*** RECORDS TO PROCESS ***

definition pre_hilbert :: "complex set \<Rightarrow> 'v::ab_group_add set \<Rightarrow> (complex \<Rightarrow> 'v \<Rightarrow> 'v) \<Rightarrow> ('v \<Rightarrow> 'v \<Rightarrow> complex) \<Rightarrow> bool" where
  "pre_hilbert K V vsm ip \<longleftrightarrow>
     0 \<in> V \<and> (\<forall>x\<in>V. \<forall>y\<in>V. x + y \<in> V) \<and> (\<forall>x\<in>V. - x \<in> V) \<and>
     (\<forall>c\<in>K. \<forall>x\<in>V. vsm c x \<in> V) \<and>
     (\<forall>c\<in>K. \<forall>x\<in>V. \<forall>y\<in>V. vsm c (x + y) = vsm c x + vsm c y) \<and>
     (\<forall>c\<in>K. \<forall>d\<in>K. \<forall>x\<in>V. vsm (c + d) x = vsm c x + vsm d x) \<and>
     (\<forall>c\<in>K. \<forall>d\<in>K. \<forall>x\<in>V. vsm (c * d) x = vsm c (vsm d x)) \<and>
     (\<forall>x\<in>V. vsm 1 x = x) \<and>
     (\<forall>x\<in>V. \<forall>y\<in>V. ip x y \<in> K) \<and>
     (\<forall>x\<in>V. \<forall>y\<in>V. \<forall>z\<in>V. ip (x + y) z = ip x z + ip y z) \<and>
     (\<forall>c\<in>K. \<forall>x\<in>V. \<forall>y\<in>V. ip (vsm c x) y = c * ip x y) \<and>
     (\<forall>x\<in>V. \<forall>y\<in>V. ip y x = cnj (ip x y)) \<and>
     (\<forall>x\<in>V. Im (ip x x) = 0 \<and> Re (ip x x) \<ge> 0) \<and>
     (\<forall>x\<in>V. ip x x = 0 \<longrightarrow> x = 0)"

definition fin_dim :: "complex set \<Rightarrow> 'v::ab_group_add set \<Rightarrow> (complex \<Rightarrow> 'v \<Rightarrow> 'v) \<Rightarrow> bool" where
  "fin_dim K V vsm \<longleftrightarrow>
     (\<exists>S. finite S \<and> S \<subseteq> V \<and> (\<forall>x\<in>V. \<exists>c. (\<forall>s\<in>S. c s \<in> K) \<and> x = (\<Sum>s\<in>S. vsm (c s) s)))"

definition star_rep :: "complex set \<Rightarrow> (complex \<Rightarrow> 'a::ring_1 \<Rightarrow> 'a) \<Rightarrow> ('a \<Rightarrow> 'a) \<Rightarrow>
    'v::ab_group_add set \<Rightarrow> (complex \<Rightarrow> 'v \<Rightarrow> 'v) \<Rightarrow> ('v \<Rightarrow> 'v \<Rightarrow> complex) \<Rightarrow> ('a \<Rightarrow> 'v \<Rightarrow> 'v) \<Rightarrow> bool" where
  "star_rep K sm st V vsm ip p \<longleftrightarrow> pre_hilbert K V vsm ip \<and>
     (\<forall>a. \<forall>x\<in>V. p a x \<in> V) \<and>
     (\<forall>a. \<forall>x\<in>V. \<forall>y\<in>V. p a (x + y) = p a x + p a y) \<and>
     (\<forall>a. \<forall>c\<in>K. \<forall>x\<in>V. p a (vsm c x) = vsm c (p a x)) \<and>
     (\<forall>x\<in>V. p 1 x = x) \<and>
     (\<forall>a b. \<forall>x\<in>V. p (a + b) x = p a x + p b x) \<and>
     (\<forall>a. \<forall>c\<in>K. \<forall>x\<in>V. p (sm c a) x = vsm c (p a x)) \<and>
     (\<forall>a b. \<forall>x\<in>V. p (a * b) x = p a (p b x)) \<and>
     (\<forall>a. \<forall>x\<in>V. \<forall>y\<in>V. ip (p a x) y = ip x (p (st a) y))"

definition I_left :: "('a \<Rightarrow> 'v \<Rightarrow> 'v::zero) \<Rightarrow> 'v \<Rightarrow> 'a set" where
  "I_left p v = {a. p a v = 0}"

definition ker_rep :: "'v::zero set \<Rightarrow> ('a \<Rightarrow> 'v \<Rightarrow> 'v) \<Rightarrow> 'a set" where
  "ker_rep V p = {a. \<forall>x\<in>V. p a x = 0}"

end

theory Submission
  imports Defs "HOL-Analysis.Analysis"
begin

text \<open>
  If v is a cyclic vector of a finite-dimensional star-representation, the annihilator of v is a
  real left ideal of finite codimension: from st a_1 a_1 + ... + st a_n a_n = x + st y with
  x v = y v = 0, pairing with v gives the sum of the squared norms of the a_j v, which is 0.

  Conversely, let I be real of finite codimension. It suffices to find a real functional g with
  g = g o st, vanishing on I + I* and with g (st a * a) > 0 for a outside I: then
  (x, y) \<mapsto> g (st y * x), complexified if necessary, is an inner product on A/I, on which A acts by
  left multiplication, and the class of 1 is a cyclic vector with annihilator I. In the finite
  dimensional real space A/(I + I*) reality says that no sum of classes of hermitian squares of
  elements outside I vanishes, i.e. 0 lies outside the compact convex set of images of trace-one
  positive semidefinite Gram matrices. The point of least norm of this set defines g.

  The statements about two-sided ideals only use that every vector is of the form p b v.
\<close>

section \<open>Positive semidefinite matrices\<close>

definition quad_form :: "'i set \<Rightarrow> ('i \<Rightarrow> 'i \<Rightarrow> real) \<Rightarrow> ('i \<Rightarrow> real) \<Rightarrow> real" where
  "quad_form D X x = (\<Sum>k\<in>D. \<Sum>l\<in>D. x k * X k l * x l)"

definition psd_on :: "'i set \<Rightarrow> ('i \<Rightarrow> 'i \<Rightarrow> real) \<Rightarrow> bool" where
  "psd_on D X \<longleftrightarrow> (\<forall>x. quad_form D X x \<ge> 0)"

definition symmetric_on :: "'i set \<Rightarrow> ('i \<Rightarrow> 'i \<Rightarrow> real) \<Rightarrow> bool" where
  "symmetric_on D X \<longleftrightarrow> (\<forall>k\<in>D. \<forall>l\<in>D. X k l = X l k)"

lemma sum_if_eq_mult_left:
  "finite D \<Longrightarrow> a \<in> D \<Longrightarrow> (\<Sum>k\<in>D. (if k = a then t else 0) * f k) = t * (f a :: real)"
  by (simp add: if_distrib[of "\<lambda>u. u * _"] sum.delta cong: if_cong)

lemma sum_if_eq_mult_right:
  "finite D \<Longrightarrow> a \<in> D \<Longrightarrow> (\<Sum>k\<in>D. f k * (if k = a then t else 0)) = f a * (t :: real)"
  using sum_if_eq_mult_left[of D a t f] by (simp add: mult.commute)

***

AIM OF THE EXERCISE — Report the number of lines in the entries that hold the word "matrices". Nothing else is wanted.

SOLUTION TO THE EXERCISE — 2